• **What you should do**:
From the listing below, pull out the lines that hold "False".

Start of Block

text \<open>\<open>transpose x (s x) \<circ> s\<close> is \<open>s\<close> with \<open>x\<close> cut out of its cycle: it fixes \<open>x\<close> and sends
  the predecessor of \<open>x\<close> to \<open>s x\<close>.\<close>

lemma remove_point_cycle_class:
  assumes p: "s permutes A" and x: "x \<in> A" "s x \<noteq> x" and u: "u \<in> A - {x}"
  defines "r \<equiv> transpose x (s x) \<circ> s"
  shows "cycle_rel (A - {x}) r `` {u} = cycle_rel A s `` {u} - {x}"
proof -
  obtain y where y: "y \<in> A" "s y = x" using permutes_image[OF p] x(1) by (metis imageE)
  have "y \<noteq> x" using y x by metis
  have r_y: "r y = s x" unfolding r_def using y by simp
  have r_other: "r z = s z" if "z \<noteq> x" "z \<noteq> y" for z
    using that y permutes_inj[OF p] unfolding r_def by (auto simp: transpose_def dest: injD)
  have r_edge: "(z, r z) \<in> cycle_rel A s" if "z \<in> A - {x}" for z
  proof (cases "z = y")
    case True
    have "(y, s y) \<in> cycle_rel A s" "(x, s x) \<in> cycle_rel A s"
      using y(1) x(1) by (simp_all add: cycle_rel_step)
    then show ?thesis
      using True y(2) r_y by (auto intro: cycle_rel_trans)
  qed (use that r_other cycle_rel_step in auto)
  define \<phi> where "\<phi> z = (if z = x then s x else z)" for z
  have s_edge: "(\<phi> a, \<phi> (s a)) \<in> cycle_rel (A - {x}) r" if "a \<in> A" for a
  proof -
    consider "a = x" | "a = y" | "a \<noteq> x" "a \<noteq> y" by blast
    then show ?thesis
    proof cases
      case 2
      then show ?thesis using cycle_rel_step[of y "A - {x}" r] y \<open>y \<noteq> x\<close> r_y
        unfolding \<phi>_def by simp
    next
      case 3
      then have "s a \<noteq> x" using y permutes_inj[OF p] by (auto dest: injD)
      then show ?thesis using 3 cycle_rel_step[of a "A - {x}" r] that r_other
        unfolding \<phi>_def by simp
    qed (use x(2) in \<open>simp add: \<phi>_def\<close>)
  qed
  show ?thesis
  proof (intro equalityI subsetI)
    fix w assume "w \<in> cycle_rel (A - {x}) r `` {u}"
    then have uw: "(u, w) \<in> cycle_rel (A - {x}) r" by simp
    have "w \<noteq> x"
      using cycle_rel_cases[OF uw] u permutes_image[OF remove_point_permutes[OF p x(1)]]
      unfolding r_def by auto
    with cycle_rel_map[where g = id, OF _ uw] r_edge show "w \<in> cycle_rel A s `` {u} - {x}"
      by simp
  next
    fix w assume w: "w \<in> cycle_rel A s `` {u} - {x}"
    have "(\<phi> u, \<phi> w) \<in> cycle_rel (A - {x}) r"
      by (rule cycle_rel_map[where g = \<phi>, OF s_edge]) (use w in auto)
    then show "w \<in> cycle_rel (A - {x}) r `` {u}" using u w unfolding \<phi>_def by simp
  qed
qed

lemma num_cycles_remove_point:
  assumes p: "s permutes A" and x: "x \<in> A" "s x \<noteq> x"
  shows "num_cycles A s = num_cycles (A - {x}) (transpose x (s x) \<circ> s)"
proof -
  let ?cls_s = "\<lambda>u. cycle_rel A s `` {u}"
    and ?cls_r = "\<lambda>u. cycle_rel (A - {x}) (transpose x (s x) \<circ> s) `` {u}"
  have "?cls_s x = ?cls_s (s x)"
    using cycle_rel_class_eq[OF cycle_rel_step[OF x(1)]] .
  then have "?cls_s ` A = ?cls_s ` (A - {x})"
    using x permutes_in_image[OF p] by (auto simp: image_iff)
  moreover have "?cls_r ` (A - {x}) = (\<lambda>K. K - {x}) ` ?cls_s ` (A - {x})"
    using remove_point_cycle_class[OF p x] by (auto simp: image_iff)
  moreover have "inj_on (\<lambda>K. K - {x}) (?cls_s ` (A - {x}))"
  proof (rule inj_onI)
    fix K1 K2 assume K: "K1 \<in> ?cls_s ` (A - {x})" "K2 \<in> ?cls_s ` (A - {x})" "K1 - {x} = K2 - {x}"
    then obtain u1 u2 where u: "u1 \<in> A - {x}" "K1 = ?cls_s u1" "K2 = ?cls_s u2"
      by blast
    then have "u1 \<in> K1 - {x}" by simp
    then have "(u2, u1) \<in> cycle_rel A s" using K(3) u(3) by simp
    then show "K1 = K2" using u(2,3) by (simp add: cycle_rel_class_eq)
  qed
  ultimately show ?thesis
    unfolding num_cycles_def by (simp add: card_image)
qed

lemma sign_num_cycles:
  assumes "finite A" "s permutes A"
  shows "sign s = (-1::int) ^ (card A + num_cycles A s)"
  using assms
proof (induction "card A" arbitrary: A s rule: less_induct)
  case less
  show ?case
  proof (cases "A = {}")
    case True
    then show ?thesis using less.prems by (simp add: num_cycles_def)
  next
    case False
    then obtain x where x: "x \<in> A" by blast
    have card_A: "card A = Suc (card (A - {x}))"
      using card_Suc_Diff1[OF less.prems(1) x] by simp
    have smaller: "card (A - {x}) < card A"
      using card_Diff1_less[OF less.prems(1) x] .
    show ?thesis
    proof (cases "s x = x")
      case True
      have "s permutes A - {x}"
        by (rule permutes_superset[OF less.prems(2)]) (use True in auto)
      then have "sign s = (-1::int) ^ (card (A - {x}) + num_cycles (A - {x}) s)"
        using less.hyps[OF smaller] less.prems(1) by simp
      then show ?thesis
        using card_A num_cycles_remove_fixpoint[OF less.prems x True] by simp
    next
      case False
      define r where "r = transpose x (s x) \<circ> s"
      have "sign r = (-1::int) ^ (card (A - {x}) + num_cycles (A - {x}) r)"
        using less.hyps[OF smaller _ remove_point_permutes[OF less.prems(2) x, folded r_def]]
          less.prems(1) by simp
      moreover have "sign r = - sign s"
      proof -
        have "permutation s" using less.prems permutation_permutes by blast
        then show ?thesis
          using False unfolding r_def by (simp add: sign_compose permutation_swap_id sign_swap_id)
      qed
      ultimately show ?thesis
        using card_A num_cycles_remove_point[OF less.prems(2) x False, folded r_def] by simp
    qed
  qed
qed

lemma num_cycles_parity:
  assumes "finite A" "s permutes A" "finite B" "t permutes B"
    and "card A = card B" "sign s = sign t"
  shows "even (num_cycles A s) \<longleftrightarrow> even (num_cycles B t)"
proof -
  have "(-1::int) ^ (card A + num_cycles A s) = (-1) ^ (card A + num_cycles B t)"
    using sign_num_cycles[OF assms(1,2)] sign_num_cycles[OF assms(3,4)] assms(5,6) by simp
  then show ?thesis
    by (auto simp: minus_one_power_iff split: if_splits)
qed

End of Block

• **Output**:
    case False
      case False
          using False unfolding r_def by (simp add: sign_compose permutation_swap_id sign_swap_id)
        using card_A num_cycles_remove_point[OF less.prems(2) x False, folded r_def] by simp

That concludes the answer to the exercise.